■戦後日本の通訳者の流れのひとつに原水禁関係者がいる。これについてはあまり証言や資料がなかったが、初期原水爆禁止運動聞き取りプロジェクト編集(2012)『初期原水爆禁止運動聞き取りプロジェクト記録集成』(ピープルズ・プラン研究所)というのがあるのを知った(現在はCD-ROMで入手可能)。この中に原水禁世界大会を担った「通訳団」について詳しい証言がある。日本戦後通訳史の貴重な資料だ。500ページ以上あるがほんの少しだけ紹介しておく。

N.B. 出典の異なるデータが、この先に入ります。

text \<open>Under the Koszul map, right multiplication by \<open>e\<^sub>i\<^sub>j\<close> becomes \<open>rho_r n i j\<close>.\<close>

definition rho_r :: "nat \<Rightarrow> nat \<Rightarrow> nat \<Rightarrow> cpoly \<Rightarrow> cpoly" where
  "rho_r n i j f = X i j * f + Dr n j i f"

lemma additive_rho_r: "additive (rho_r n i j)"
  by standard (simp add: rho_r_def additive.add[OF additive_Dr] distrib_left)

lemma rho_r_cconst_mult: "rho_r n i j (cconst c * f) = cconst c * rho_r n i j f"
  by (simp add: rho_r_def Dr_cconst_mult distrib_left mult.left_commute)

lemma rho_rho_r_commute:
  assumes "i \<in> {1..n}" "j \<in> {1..n}" "k \<in> {1..n}" "l \<in> {1..n}"
  shows "rho n k l (rho_r n i j f) = rho_r n i j (rho n k l f)"
  using assms
  by (simp add: rho_def rho_r_def additive.add[OF additive_Dl] additive.add[OF additive_Dr]
      Dl_X_mult Dr_X_mult Dl_Dr_commute distrib_left)

section \<open>The Koszul map\<close>

lemma fmul_eq_times: "fmul p q = p * q"
proof -
  have "fmul p q = (\<Sum>u\<in>Poly_Mapping.keys p. Poly_Mapping.single u (Poly_Mapping.lookup p u)) *
      (\<Sum>w\<in>Poly_Mapping.keys q. Poly_Mapping.single w (Poly_Mapping.lookup q w))"
    by (simp add: fmul_def mult_single plus_list_def sum_product)
  then show ?thesis
    by (simp only: sum_single_lookup)
qed

lemma Fr_eq: "Fr n = supported_on {u. set u \<subseteq> index_pairs n}"
  by (auto simp: Fr_def supported_on_def)

lemma words_plus_closed: "{a + b |a b. a \<in> {u. set u \<subseteq> A} \<and> b \<in> {u. set u \<subseteq> A}} \<subseteq> {u. set u \<subseteq> A}"
  by (auto simp: plus_list_def)

lemma Fr_mult: "P \<in> Fr n \<Longrightarrow> Q \<in> Fr n \<Longrightarrow> P * Q \<in> Fr n"
  unfolding Fr_eq by (rule supported_on_mono[OF supported_on_mult words_plus_closed])

lemma E_in_Fr: "i \<in> {1..n} \<Longrightarrow> j \<in> {1..n} \<Longrightarrow> E i j \<in> Fr n"
  by (simp add: Fr_eq E_def supported_on_single)

lemma cconst_mult_cconst: "cconst a * cconst b = cconst (a * b)"
  by (simp add: cconst_def mult_single)

lemma additive_rho_word: "additive (rho_word n u)"
  by standard (induction u; simp add: additive.add[OF additive_rho])

lemma rho_word_cconst_mult: "rho_word n u (cconst c * f) = cconst c * rho_word n u f"
  by (induction u) (simp_all add: rho_cconst_mult)

lemma rho_word_append: "rho_word n (u @ w) f = rho_word n u (rho_word n w f)"
  by (induction u) simp_all

lemma additive_tau: "additive (tau n P)"
  by standard (simp add: tau_def additive.add[OF additive_rho_word] distrib_left sum.distrib)

lemma additive_tau_left: "additive (\<lambda>P. tau n P f)"
  by standard
    (unfold tau_def, rule setsum_keys_plus_distrib[where f = "\<lambda>u a. cconst a * rho_word n u f"],
      simp_all add: cconst_def single_add distrib_right)

lemma tau_single: "tau n (Poly_Mapping.single u c) f = cconst c * rho_word n u f"
  by (cases "c = 0") (simp_all add: tau_def cconst_def)

lemma tau_mult: "tau n (P * Q) f = tau n P (tau n Q f)"
proof -
  have single_mult: "tau n (Poly_Mapping.single u a * Q) f = tau n (Poly_Mapping.single u a) (tau n Q f)" for u a
  proof (rule additive_eq_on_single[where F = "\<lambda>Q. tau n (Poly_Mapping.single u a * Q) f"])
    show "additive (\<lambda>Q. tau n (Poly_Mapping.single u a * Q) f)"
      by standard (simp add: distrib_left additive.add[OF additive_tau_left])
    show "additive (\<lambda>Q. tau n (Poly_Mapping.single u a) (tau n Q f))"
      by standard (simp add: additive.add[OF additive_tau_left] additive.add[OF additive_tau])
  qed (simp add: mult_single tau_single plus_list_def rho_word_append rho_word_cconst_mult
      mult.assoc cconst_mult_cconst)
  show ?thesis
  proof (rule additive_eq_on_single[where F = "\<lambda>P. tau n (P * Q) f"])
    show "additive (\<lambda>P. tau n (P * Q) f)"
      by standard (simp add: distrib_right additive.add[OF additive_tau_left])
  qed (simp_all add: single_mult additive_tau_left)
qed

lemma tau_E: "tau n (E i j) f = rho n i j f"
  by (simp add: E_def tau_single cconst_def)

lemma rho_word_commute:
  assumes "\<And>i j f. (i, j) \<in> set u \<Longrightarrow> rho n i j (R f) = R (rho n i j f)"
  shows "rho_word n u (R f) = R (rho_word n u f)"
  using assms by (induction u) auto

lemma tau_commute:
  assumes "additive R" "\<And>c f. R (cconst c * f) = cconst c * R f" "P \<in> Fr n"
    and "\<And>i j f. i \<in> {1..n} \<Longrightarrow> j \<in> {1..n} \<Longrightarrow> rho n i j (R f) = R (rho n i j f)"
  shows "tau n P (R f) = R (tau n P f)"
proof -
  have "rho_word n u (R f) = R (rho_word n u f)" if "u \<in> Poly_Mapping.keys P" for u
  proof (rule rho_word_commute)
    fix i j g assume "(i, j) \<in> set u"
    then have "i \<in> {1..n}" "j \<in> {1..n}"
      using assms(3) that unfolding Fr_def by blast+
    then show "rho n i j (R g) = R (rho n i j g)"
      by (rule assms(4))
  qed
  then show ?thesis
    by (simp add: tau_def assms(2) additive.sum[OF assms(1)])
qed

lemma Koszul_commutator:
  assumes "P \<in> Fr n" "i \<in> {1..n}" "j \<in> {1..n}"
  shows "Koszul n (E i j * P - P * E i j) = Dl n i j (Koszul n P) - Dr n j i (Koszul n P)"
proof -
  have "Koszul n (P * E i j) = tau n P (rho_r n i j 1)"
    by (simp add: Koszul_def tau_mult tau_E rho_def rho_r_def)
  also have "\<dots> = rho_r n i j (Koszul n P)"
    unfolding Koszul_def using assms
    by (intro tau_commute additive_rho_r rho_r_cconst_mult rho_rho_r_commute)
  finally show ?thesis
    by (simp add: Koszul_def additive.diff[OF additive_tau_left] tau_mult tau_E rho_def rho_r_def)
qed

lemma tau_glrel:
  assumes "i \<in> {1..n}" "j \<in> {1..n}" "k \<in> {1..n}" "l \<in> {1..n}"
  shows "tau n (glrel i j k l) f = 0"
  using rho_commutator[OF assms, of f]
  by (simp add: glrel_def fmul_eq_times additive.diff[OF additive_tau_left] tau_mult tau_E
      tau_single kdelta_def cconst_def)

lemma tau_UIdeal: "P \<in> UIdeal n \<Longrightarrow> tau n P f = 0"
proof (induction P arbitrary: f rule: UIdeal.induct)
  case zero
  then show ?case by (simp add: tau_def)
next
  case (add p q)
  then show ?case by (simp add: additive.add[OF additive_tau_left])
next
  case (gen a b i j k l)
  then show ?case by (simp add: fmul_eq_times tau_mult tau_glrel additive.zero[OF additive_tau])
qed

section \<open>Leading terms\<close>

lemma CM_eq: "CM n = supported_on {m. Poly_Mapping.keys m \<subseteq> index_pairs n}"
  by (auto simp: CM_def supported_on_def)

lemma X_mult_in_CM:
  assumes "p \<in> CM n" "a \<in> {1..n}" "b \<in> {1..n}"
  shows "X a b * p \<in> CM n"
proof -
  have "Poly_Mapping.keys (m + var_mon (a, b)) \<subseteq> index_pairs n"
    if "Poly_Mapping.keys m \<subseteq> index_pairs n" for m
    using that assms(2,3) keys_add[of m "var_mon (a, b)"] by (auto simp: var_mon_def)
  then show ?thesis
    using assms(1) keys_X_mult[of a b p] by (fastforce simp: CM_eq supported_on_def)
qed

lemma pd_in_CM:
  assumes "p \<in> CM n"
  shows "pd v p \<in> CM n"
proof -
  have "Poly_Mapping.keys (m - var_mon v) \<subseteq> Poly_Mapping.keys m" for m
    by (auto simp: in_keys_iff lookup_minus_nat)
  then show ?thesis
    using assms keys_pd[of v p] by (fastforce simp: CM_eq supported_on_def)
qed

■まず通訳団はほとんどが大学生だったこと。東京外国語大学と津田塾大学の学生が中心だったようだ。ボランティアではなくアルバイトであり、会場案内のような補助的な仕事ではなく、各国代表の演説の通訳だった。募集後、合格者は早稲田大学に借りた教室で2-3週間の特訓を受ける。
■「通訳を募集すると、優秀なのがたくさん寄ってきましたよ。落とすのに苦労しましたからね。また、既に活躍していた人たちも参加してきましたね。佐藤敬子さんは、土井たか子の通訳をやって、もう亡くなりましたけれど、すばらしい女性でした。それから、秋葉忠利広島市長もそうですよ。第4回大会のときでしたかね。TV キャスターの山川千秋もいたな。浅野輔や有馬真喜子もそう。サイマルインターナショナルを起こした小松達也もいました。」
■「○藤原 通訳講座の時に通訳のツボというか、やるときにはこことここが大事というこう何か秘訣のようなものっていうのは、どう伝えられたんでしょうか。
○森 何を勉強したんでしょう。暑かったことしか覚えてない。
○滝沢 そういうコツというのは特に教わっていないですね。2人の先生が交代で英字新聞とか、英文雑誌のある部分や社説とか読むわけですよね。それで要旨を把握できるかどうかというので、読んだ後、どんな内容だったか言えっということで、それで自分が聞き取れたことを言うと、よしよしって、だんだん当たっていくというふうですよね。
○森 それから、あれは今から思えば逐次通訳の一番基礎を教えられたと思うんですけれど、いったん休んだらそこまでに聞いたことを正確にちゃんと日本語にして。正確に簡潔に言いなさいって言われましたよね。
○滝沢 ゆめゆめ、原水爆賛成ってだけは言うなってね。
○森 そうそう。‥‥賛成ってだけは言うなってことで。
○滝沢 後はもうね、そんなに細かい指導はなかったように思います。」
■「福井治弘は、あのときの日英の通訳のナンバーワンでしたね。一番優秀なのは福井と浅野輔、光延。光延はちょっと後ですけどね。とにかく一流だ、能力があった。それから小松ね、サイマルの。」